**What you are asked to do:** Between the line containing "< \<delta> /" and the line containing "using lift[OF y] by blast" lies a run of lines; give that run again exactly, with both of those lines, and nothing else from the entries below.

=== Section Start ===

definition fitting_subgroup :: "('a, 'b) monoid_scheme \<Rightarrow> 'a set" where
  "fitting_subgroup G =
     generate G (\<Union>{N. N \<lhd> G \<and> nilpotent_grp (G\<lparr>carrier := N\<rparr>)})"

definition class_Yn :: "('a, 'b) monoid_scheme \<Rightarrow> bool" where
  "class_Yn G \<longleftrightarrow> (\<forall>A. subgroup A G \<longrightarrow> \<not> comm_group (G\<lparr>carrier := A\<rparr>)
                         \<longrightarrow> normalizer G A = A)"

definition sylow_subgroup :: "('a, 'b) monoid_scheme \<Rightarrow> nat \<Rightarrow> 'a set \<Rightarrow> bool" where
  "sylow_subgroup G r P \<longleftrightarrow>
     subgroup P G \<and> card P = r ^ multiplicity r (order G)"

end

theory Submission
  imports Defs "HOL-Algebra.Multiplicative_Group"
begin

text \<open>
  A non-abelian subgroup of a group in \<open>\<Y>\<^sub>n\<close> is self-normalising, so the Fitting subgroup
  \<open>F\<close>, being normal of prime index \<open>p\<close>, is abelian; it contains every abelian normal subgroup.
  Since \<open>g\<^sup>p \<in> F\<close> for all \<open>g\<close>, a Sylow \<open>r\<close>-subgroup with \<open>r \<noteq> p\<close> lies in \<open>F\<close> and is abelian.
  For a Sylow \<open>p\<close>-subgroup \<open>P\<close> pick \<open>x \<in> P - F\<close>. If \<open>\<langle>x\<rangle> \<noteq> P\<close>, enlarge \<open>\<langle>x\<rangle>\<close> to a proper
  subgroup \<open>M\<close> of \<open>P\<close> normalised by \<open>P\<close> (normalisers grow in \<open>p\<close>-groups), and let \<open>Q\<close> be the
  \<open>p'\<close>-part of \<open>F\<close>, so that \<open>F \<subseteq> QP\<close> and \<open>P \<inter> Q = 1\<close>. Then \<open>P\<close> normalises \<open>H = QM\<close>.
  If \<open>H\<close> is not abelian, \<open>P \<subseteq> N\<^sub>G(H) = H\<close> forces \<open>P \<subseteq> M\<close>; if \<open>H\<close> is abelian, \<open>N\<^sub>G(H)\<close>
  contains \<open>F\<close> and \<open>x\<close>, hence is \<open>G\<close>, and then \<open>x \<in> H \<subseteq> F\<close>. So \<open>P = \<langle>x\<rangle>\<close> is cyclic.
\<close>

section \<open>Conjugation and normalisers\<close>

context group begin

lemma conjugate_eq_image: "g <# H #> inv g = (\<lambda>h. g \<otimes> h \<otimes> inv g) ` H"
  unfolding l_coset_def r_coset_def by auto

lemma inj_on_conjugation:
  assumes "H \<subseteq> carrier G" "g \<in> carrier G"
  shows "inj_on (\<lambda>h. g \<otimes> h \<otimes> inv g) H"
  using assms by (auto simp: inj_on_def subsetD)
lemma continuous_map_deflate:
  assumes "c < 1"
  shows "continuous_map (subtopology X {x. x v \<le> c}) (realization U (W - {v}) E) deflate"
proof (rule continuous_map_into_realization)
  let ?S = "subtopology X {x. x v \<le> c}"
  fix u assume "u \<in> U"
  have "continuous_map ?S euclideanreal (\<lambda>x. x u / (1 - x v))"
    using assms continuous_map_realization_coord[OF v_in_U] continuous_map_realization_coord[OF \<open>u \<in> U\<close>]
    by (intro continuous_intros continuous_map_from_subtopology) auto
  then show "continuous_map ?S euclideanreal (\<lambda>x. deflate x u)"
    using \<open>u \<in> U\<close> by (cases "u = v") (simp_all add: deflate_apply)
next
  fix x assume "x \<in> topspace (subtopology X {x. x v \<le> c})"
  then have x: "x \<in> realization_set U W E" "x v < 1" using assms by auto
  show "deflate x \<in> realization_set U (W - {v}) E"
  proof (cases "x v = 0")
    case True
    then show ?thesis using x by (simp add: deflate_eq_self realization_set_punctured_iff)
  next
    case False
    then have "0 < x v" using realization_set_bounds[OF finite_U x(1) v_in_U] by simp
    then show ?thesis using deflate_in_link[OF x(1) _ x(2)] link_in_punctured by blast
  qed
qed

lemma continuous_map_deflate_link:
  assumes "0 < a" "b < 1"
  shows "continuous_map (subtopology X {x. a \<le> x v \<and> x v \<le> b}) L deflate"
proof -
  have "continuous_map (subtopology X {x. a \<le> x v \<and> x v \<le> b}) (realization U (W - {v}) E) deflate"
    using continuous_map_deflate[OF assms(2)] by (rule continuous_map_from_subtopology_mono) auto
  moreover have "deflate x \<in> realization_set U N E"
    if "x \<in> topspace (subtopology X {x. a \<le> x v \<and> x v \<le> b})" for x
    using that assms by (intro deflate_in_link) auto
  ultimately show ?thesis
    using realization_subtopology[OF link_subset] by (simp add: continuous_map_in_subtopology image_subset_iff)
qed

lemma continuous_map_contraction:
  assumes "continuous_map T euclideanreal a" "\<And>z. z \<in> topspace T \<Longrightarrow> 0 \<le> a z \<and> a z \<le> 1"
    and "continuous_map T L y"
  shows "continuous_map T L (\<lambda>z. k (a z, y z))"
proof -
  have "continuous_map T (top_of_set {0..1}) a"
    using assms(1,2) by (auto simp: continuous_map_in_subtopology)
  then have "continuous_map T (prod_topology (top_of_set {0..1}) L) (\<lambda>z. (a z, y z))"
    using assms(3) by (intro continuous_map_pairedI)
  from continuous_map_compose[OF this k_continuous] show ?thesis by (simp add: o_def)
qed

lemma retract_in_link:
  assumes "x \<in> realization_set U W E" "0 < x v"
  shows "retract x \<in> realization_set U N E"
proof -
  have "x v \<le> 2/9 \<Longrightarrow> deflate x \<in> realization_set U N E"
    using assms by (intro deflate_in_link) auto
  moreover have "y \<in> realization_set U N E \<Longrightarrow> k (a, y) \<in> realization_set U N E"
    if "0 \<le> a" "a \<le> 1" for a y
    using continuous_map_image_subset_topspace[OF k_continuous] that by (auto simp: image_subset_iff)
  ultimately show ?thesis
    using p_in contraction_time_bounds by (auto simp: retract_def)
qed

lemma retract_eq_self: "y \<in> realization_set U (W - {v}) E \<Longrightarrow> retract y = y"
  by (simp add: retract_def realization_set_punctured_iff deflate_eq_self)

lemma continuous_map_retract: "continuous_map X Y retract"
  unfolding retract_def
proof (rule continuous_map_cases_le3[OF continuous_map_realization_coord[OF v_in_U]])
  show "continuous_map (subtopology X {x. x v \<le> 1/9}) Y deflate"
    by (rule continuous_map_deflate) simp
  have "continuous_map (subtopology X {x. 1/9 \<le> x v \<and> x v \<le> 2/9}) L
          (\<lambda>x. k (contraction_time (x v), deflate x))"
    by (intro continuous_map_contraction continuous_map_deflate_link continuous_intros
        continuous_map_from_subtopology continuous_map_realization_coord[OF v_in_U])
      (simp_all add: contraction_time_bounds)
  then show "continuous_map (subtopology X {x. 1/9 \<le> x v \<and> x v \<le> 2/9}) Y
               (\<lambda>x. k (contraction_time (x v), deflate x))"
    using link_subset by (rule continuous_map_realization_mono)
  show "continuous_map (subtopology X {x. 2/9 \<le> x v}) Y (\<lambda>x. p)"
    using p_in link_in_punctured by auto
  show "deflate x = k (contraction_time (x v), deflate x)" if "x \<in> topspace X" "x v = 1/9" for x
    using that by (simp add: contraction_time_eq_0 k_0 deflate_in_link)
  show "k (contraction_time (x v), deflate x) = p" if "x \<in> topspace X" "x v = 2/9" for x
    using that by (simp add: contraction_time_eq_1 k_1 deflate_in_link)
qed simp

lemma link_homotopy_0: "x \<in> realization_set U W E \<Longrightarrow> link_homotopy 0 x = squash x"
  by (auto simp: link_homotopy_def k_0 deflate_in_link squash_eq_cone squash_eq_apex)
lemma finite_shadowing_inv_lim:
  assumes "\<And>m. finite_shadowing (mspace (X m)) (mdist (X m)) (f m)"
  shows "finite_shadowing (inv_lim X g) (inv_lim_dist X) (prod_map f)"
  unfolding finite_shadowing_def
proof (intro allI impI)
  fix \<epsilon> :: real assume "\<epsilon> > 0"
  then obtain M \<eta> where "\<eta> > 0" and lift: "\<And>y. y \<in> mspace (X M) \<Longrightarrow>
      \<exists>z\<in>inv_lim X g. \<forall>p\<in>inv_lim X g. \<forall>i.
        mdist (X M) ((f M ^^ i) y) (p M) < \<eta> \<longrightarrow> inv_lim_dist X ((prod_map f ^^ i) z) p < \<epsilon>"
    by (rule coordinate_orbit_lift) blast
  obtain \<delta> where "\<delta> > 0" and shadow: "\<forall>n xs. (\<forall>i\<le>n. xs i \<in> mspace (X M)) \<and>
      (\<forall>i<n. mdist (X M) (f M (xs i)) (xs (Suc i)) < \<delta>) \<longrightarrow>
      (\<exists>y\<in>mspace (X M). \<forall>i\<le>n. mdist (X M) ((f M ^^ i) y) (xs i) < \<eta>)"
    using assms[of M, unfolded finite_shadowing_def, rule_format, OF \<open>\<eta> > 0\<close>] by blast
  show "\<exists>\<delta>>0. \<forall>n xs. (\<forall>i\<le>n. xs i \<in> inv_lim X g) \<and>
      (\<forall>i<n. inv_lim_dist X (prod_map f (xs i)) (xs (Suc i)) < \<delta>) \<longrightarrow>
      (\<exists>z\<in>inv_lim X g. \<forall>i\<le>n. inv_lim_dist X ((prod_map f ^^ i) z) (xs i) < \<epsilon>)"
  proof (intro exI[of _ "\<delta> / real (Suc M)"] conjI allI impI)
    show "\<delta> / real (Suc M) > 0"
      using \<open>\<delta> > 0\<close> by simp
    fix n xs assume xs: "(\<forall>i\<le>n. xs i \<in> inv_lim X g) \<and>
      (\<forall>i<n. inv_lim_dist X (prod_map f (xs i)) (xs (Suc i)) < \<delta> / real (Suc M))"
    then have "\<forall>i\<le>n. xs i M \<in> mspace (X M)"
      by (blast intro: inv_lim_mspace)
    moreover have "\<forall>i<n. mdist (X M) (f M (xs i M)) (xs (Suc i) M) < \<delta>"
      using xs by (simp add: pseudo_orbit_coordinate)
    ultimately obtain y where y: "y \<in> mspace (X M)"
      and y_close: "\<forall>i\<le>n. mdist (X M) ((f M ^^ i) y) (xs i M) < \<eta>"
      using shadow[rule_format, of n "\<lambda>i. xs i M"] by blast
    obtain z where "z \<in> inv_lim X g" and z: "\<forall>p\<in>inv_lim X g. \<forall>i.
        mdist (X M) ((f M ^^ i) y) (p M) < \<eta> \<longrightarrow> inv_lim_dist X ((prod_map f ^^ i) z) p < \<epsilon>"
      using lift[OF y] by blast
    have "inv_lim_dist X ((prod_map f ^^ i) z) (xs i) < \<epsilon>" if "i \<le> n" for i
      using z[rule_format, of "xs i" i] xs y_close that by simp
    with \<open>z \<in> inv_lim X g\<close>
    show "\<exists>z\<in>inv_lim X g. \<forall>i\<le>n. inv_lim_dist X ((prod_map f ^^ i) z) (xs i) < \<epsilon>"
      by blast
  qed
qed

end
text \<open>Gaussian integration by parts \<open>E[X g(X)] = E[g'(X)]\<close>; \<open>pCons 0 g\<close> is the polynomial \<open>x g(x)\<close>.\<close>

lemma gauss_expect_pCons_0: "gauss_expect (pCons 0 g) = gauss_expect (pderiv g)"
proof -
  have monom: "gauss_expect (pCons 0 (monom c i)) = gauss_expect (pderiv (monom c i))" for c i
  proof (cases i)
    case 0
    then show ?thesis
      using integral_std_normal_moment_odd[of 0]
      by (simp add: monom_Suc[symmetric] gauss_expect_monom pderiv_monom, simp add: gauss_expect_def)
  next
    case (Suc j)
    then have "pCons 0 (monom c i) = monom c (Suc (Suc j))"
      and "pderiv (monom c i) = monom (real (Suc j) * c) j"
      by (simp add: monom_Suc, simp add: pderiv_monom)
    then show ?thesis
      by (simp only: gauss_expect_monom integral_std_normal_moment_Suc_Suc mult_ac)
  qed
  have "gauss_expect (pCons 0 (\<Sum>i\<le>n. monom (coeff g i) i)) =
        gauss_expect (pderiv (\<Sum>i\<le>n. monom (coeff g i) i))" for n
  proof (induction n)
    case (Suc n)
    have "gauss_expect (pCons 0 (a + b)) = gauss_expect (pCons 0 a) + gauss_expect (pCons 0 b)" for a b
      by (metis add_pCons add_0 gauss_expect_add)
    with Suc show ?case
      by (simp only: sum.atMost_Suc pderiv_add gauss_expect_add monom)
  qed (simp add: monom)
  from this[of "degree g"] show ?thesis
    by (simp only: poly_as_sum_of_monoms)
qed

lemma gauss_expect_hermite_mult:
  "gauss_expect (hermite_poly q * g) = gauss_expect ((pderiv ^^ q) g)"
proof (induction q arbitrary: g rule: hermite_poly.induct)
  case 1
  then show ?case by simp
next
  case 2
  then show ?case by (simp add: gauss_expect_pCons_0)
next
  case (3 q)
  let ?H = hermite_poly and ?c = "real (Suc q)"
  have "?H (Suc (Suc q)) * g = pCons 0 (?H (Suc q) * g) - smult ?c (?H q * g)"
    by (simp add: algebra_simps)
  have "pderiv (?H (Suc q) * g) = ?H (Suc q) * pderiv g + smult ?c (?H q * g)"
    by (simp del: hermite_poly.simps add: pderiv_mult pderiv_hermite_poly algebra_simps)
  have "gauss_expect (?H (Suc (Suc q)) * g) =
      gauss_expect (pCons 0 (?H (Suc q) * g)) - ?c * gauss_expect (?H q * g)"
    by (simp only: \<open>?H (Suc (Suc q)) * g = _\<close> gauss_expect_diff gauss_expect_smult)
  also have "gauss_expect (pCons 0 (?H (Suc q) * g)) =
      gauss_expect (?H (Suc q) * pderiv g) + ?c * gauss_expect (?H q * g)"
    by (simp del: hermite_poly.simps add: \<open>pderiv (?H (Suc q) * g) = _\<close> gauss_expect_pCons_0
        gauss_expect_add gauss_expect_smult)
  also have "gauss_expect (?H (Suc q) * pderiv g) = gauss_expect ((pderiv ^^ Suc (Suc q)) g)"
    using "3.IH"(1) by (simp del: funpow.simps add: funpow_Suc_right)
  finally show ?case by simp
qed
(* Let $d\ge1$, $m\in\mathbb{N}$ ($m\ge1$), and let $A_0,A_1\in\mathbb{R}^{d\times d}$ be constant matrices. Let $\Psi:\mathbb{Z}_{-m}^{0}\to\mathbb{R}^{d\times d}$ satisfy $A_1\Psi(u)=\Psi(u)A_1$ for all $u\in\mathbb{Z}_{-m}^{0}$, and let $Z$ be the discrete function defined in the context. Then \[ X(u)=Z(u)\Psi(-m)+\sum_{r=-m+1}^{0}Z(u-m-r)\,\Delta\Psi(r-1),\qquad u\in\mathbb{Z}_{-m}^{\infty}, \] is the unique solution of \[ \Delta X(u)=A_0X(u-m)+X(u-m)A_1,\ \ u\in\mathbb{Z}_0^{\infty},\qquad X(u)=\Psi(u),\ \ u\in\mathbb{Z}_{-m}^{0}. \]
   Context: $\Theta$ and $I$ denote the $d\times d$ zero and identity matrices; $\mathbb{Z}_a^b=\{a,a+1,\dots,b\}$ (with $\mathbb{Z}_a^\infty=\{a,a+1,\dots\}$ and $\mathbb{Z}_{-\infty}^b=\{\dots,b-1,b\}$); $\Delta X(u)=X(u+1)-X(u)$ (so $\Delta\Psi(r-1)=\Psi(r)-\Psi(r-1)$). For integers $a$ and $r\ge0$, $\binom{a}{r}=a(a-1)\cdots(a-r+1)/r!$. Define matrices $Q_{r+1}(rm)$, $r=0,1,2,\dots$, by $Q_1(0)=I$ and $Q_{r+1}(rm)=A_0Q_r((r-1)m)+Q_r((r-1)m)A_1$ for $r\ge1$. Define $Z(u)=\Theta$ for $u\in\mathbb{Z}_{-\infty}^{-m-1}$, $Z(u)=I$ for $u\in\mathbb{Z}_{-m}^{0}$, and for each integer $n\ge1$ and $u\in\mathbb{Z}_{(n-1)(m+1)+1}^{n(m+1)}$, \[ Z(u)=\sum_{r=0}^{n}\binom{u-(r-1)m}{r}Q_{r+1}(rm). \] *)

theory Defs
  imports "HOL-Analysis.Analysis"
begin

text \<open>Qmat A0 A1 r is the matrix Q_{r+1}(r m) of the paper:
  Q_1(0) = I, Q_{r+1}(rm) = A0 Q_r((r-1)m) + Q_r((r-1)m) A1.\<close>
fun Qmat :: "real^'n^'n \<Rightarrow> real^'n^'n \<Rightarrow> nat \<Rightarrow> real^'n^'n" where
  "Qmat A0 A1 0 = mat 1"
| "Qmat A0 A1 (Suc r) = A0 ** Qmat A0 A1 r + Qmat A0 A1 r ** A1"

definition ibinom :: "int \<Rightarrow> nat \<Rightarrow> real" where
  "ibinom a r = (of_int a :: real) gchoose r"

=== Section End ===

**Result for this exercise:**
      (\<forall>i<n. inv_lim_dist X (prod_map f (xs i)) (xs (Suc i)) < \<delta> / real (Suc M))"
    then have "\<forall>i\<le>n. xs i M \<in> mspace (X M)"
      by (blast intro: inv_lim_mspace)
    moreover have "\<forall>i<n. mdist (X M) (f M (xs i M)) (xs (Suc i) M) < \<delta>"
      using xs by (simp add: pseudo_orbit_coordinate)
    ultimately obtain y where y: "y \<in> mspace (X M)"
      and y_close: "\<forall>i\<le>n. mdist (X M) ((f M ^^ i) y) (xs i M) < \<eta>"
      using shadow[rule_format, of n "\<lambda>i. xs i M"] by blast
    obtain z where "z \<in> inv_lim X g" and z: "\<forall>p\<in>inv_lim X g. \<forall>i.
        mdist (X M) ((f M ^^ i) y) (p M) < \<eta> \<longrightarrow> inv_lim_dist X ((prod_map f ^^ i) z) p < \<epsilon>"
      using lift[OF y] by blast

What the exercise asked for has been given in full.